Donated Pickleball Equipment is Changing Lives at This California Prison
Redemption Serve donated $3,500 worth of equipment to Mule Creek State Prison, helping expand the program there and foster better relationships between the incarcerated and staff.
By Stephen Hunt - Red Line Editorial
California’s Mule Creek State Prison (MCSP) started a pickleball program in March 2023, and over Labor Day Weekend, the facility hosted its first tournament.
The event was so successful that MCSP wanted to start a league. However, with so much pickleball being played there, the prison faced an equipment shortage, down to its last four wooden paddles and final three balls.
Up stepped Redemption Serve, an organization focused on building relationships between outside communities and the incarcerated through pickleball, which donated $3,500 worth of equipment in September 2023.
The dividends were immediate.
The donated equipment has resulted in more participants in MCSP’s pickleball program, which is spearheaded by “Nemo,” an incarcerated person known as the pickleball commissioner. Nemo collaborates with Andrew Scholl, MCSP’s recreation coordinator, to organize new pickleball events. The new equipment has allowed MCSP to offer more leagues and tournaments, which in turn has helped foster better relationships between the incarcerated and the staff.
“This simple act of kindness has injected another level of enthusiasm,” said “Cameron,” an inmate at MCSP. “We can’t believe people cared enough about us to donate pickleball equipment. This kindness from all those involved really makes a difference. We will use the equipment most enthusiastically.”
Leading Redemption Serve is Mimi Loucks, a former collegiate and professional tennis player. Loucks recently retired as a teaching professional at Balboa Tennis Club in San Diego and started playing pickleball. She’d also discovered an unrealized passion.
“Over the past three years, I have been diving into criminal justice reform,” she said. “I got into the Prison Journalism Project (which empowers incarcerated journalists to have a voice in criminal justice reform) and became aware of a community, the prison community. Seeing the injustices that this community faces, it brought out a passion in me I never even knew I had.

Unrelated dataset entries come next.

lemma has_integral_exp_Icc:
  fixes a x :: real
  assumes "a \<noteq> 0" and "0 \<le> x"
  shows "((\<lambda>y. exp (a * y)) has_integral (exp (a * x) - 1) / a) {0..x}"
proof -
  have "((\<lambda>y. exp (a * y)) has_integral exp (a * x) / a - exp (a * 0) / a) {0..x}"
    using assms
    by (intro fundamental_theorem_of_calculus)
      (auto intro!: derivative_eq_intros simp: has_real_derivative_iff_has_vector_derivative[symmetric])
  then show ?thesis
    by (simp add: diff_divide_distrib)
qed

lemma integral_increment_le:
  fixes F :: "real \<Rightarrow> real"
  assumes F: "F \<in> borel_measurable borel" "\<And>y. 0 \<le> F y" "\<And>y. F y \<le> 1"
    and "0 \<le> x" and "0 \<le> h"
  shows "(\<lambda>y. F (y + h) - F y) integrable_on {0..x}"
    and "integral {0..x} (\<lambda>y. F (y + h) - F y) \<le> h"
proof -
  have F_int: "F integrable_on {p..q}" for p q
    by (rule integrable_on_Icc_bounded[where B=1]) (use F in \<open>auto simp: abs_le_iff intro: order_trans[OF _ zero_le_one]\<close>)
  have shifted: "(\<lambda>y. F (y + h)) integrable_on {0..x}"
    "integral {0..x} (\<lambda>y. F (y + h)) = integral {h..x + h} F"
    using integrable_on_shift_Icc_real[of F h 0 x] integral_shift_Icc_real[of 0 x F h] F_int
    by (simp_all add: o_def add.commute)
  then show "(\<lambda>y. F (y + h) - F y) integrable_on {0..x}"
    using F_int by (intro integrable_diff)
  have "integral {0..h} F + integral {h..x + h} F = integral {x..x + h} F + integral {0..x} F"
    using assms F_int by (simp add: Henstock_Kurzweil_Integration.integral_combine add.commute)
  moreover have "0 \<le> integral {0..h} F"
    using F F_int by (intro integral_nonneg) auto
  moreover have "integral {x..x + h} F \<le> integral {x..x + h} (\<lambda>_. 1)"
    using F F_int by (intro integral_le) auto
  ultimately show "integral {0..x} (\<lambda>y. F (y + h) - F y) \<le> h"
    using shifted F_int \<open>0 \<le> h\<close> by (simp add: integral_diff)
qed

“There can’t be change unless we can bring awareness to what is happening in there, and also being able to rehabilitate these people will prepare them when they are released back to society. There are so many things it gets me passionate about, like being able to change society, the world and so many lives.”
To make an impact, Loucks asked contacts from the tennis community now playing pickleball if they would be interested in donating equipment. Their response was immediate and overwhelmingly positive.
“It was so heartwarming. I only asked two contacts involved in pickleball,” she said. “They were like, ‘What can we do? I had no idea this was happening on the inside.’
“That’s the type of reaction I’m looking for, for people to know what’s happening and know they want to help make a change. It’s such an easy thing to do, to donate and show them (the incarcerated) they’re loved.”
Loucks has witnessed firsthand the transformative power of pickleball at MCSP, where the sport is one part of the Norwegian model of rehabilitation adopted by the California Department of Corrections, which aims to emphasize rehabilitation and treat inmates with dignity.
“The feedback I’ve received is they can control their shots and have more feel (with the new paddles),” Loucks said. “Since I have a tennis background, it’s like playing with a wood racquet and trying to play with that type of paddle now. Now that they have the up-to-date technology of paddles, it’s really elevated their game. They’re really into it.”
But what makes pickleball such an ideal vehicle for positive social change? Well, the same reasons why the sport appeals to so many.
“Because of my tennis background, it was an easy transition. Pickleball is an easy sport to pick up,” Loucks said. “There are many benefits of the sport. (It appeals to players) at any skill level, socioeconomic level, pickleball can bring in so many more people to play than a lot of other sports, and it’s so social.”
Loucks sees MCSP as being only the first of many prisons where Redemption Serve can donate pickleball equipment and continue having a huge positive impact on the incarcerated. In January 2024, she and several others plan to hold a pickleball clinic at MCSP, an experience she eagerly looks forward to.
“When I get up there with my team, we’re going to impact hundreds of those men there,” she said. “After a couple of hours with us, they’ll be able to know the basics and play on their own. That’s just amazing. That’s why it (pickleball) is growing so much.”
Stephen Hunt is a freelance contributor to USA Pickleball on behalf of Red Line Editorial, Inc.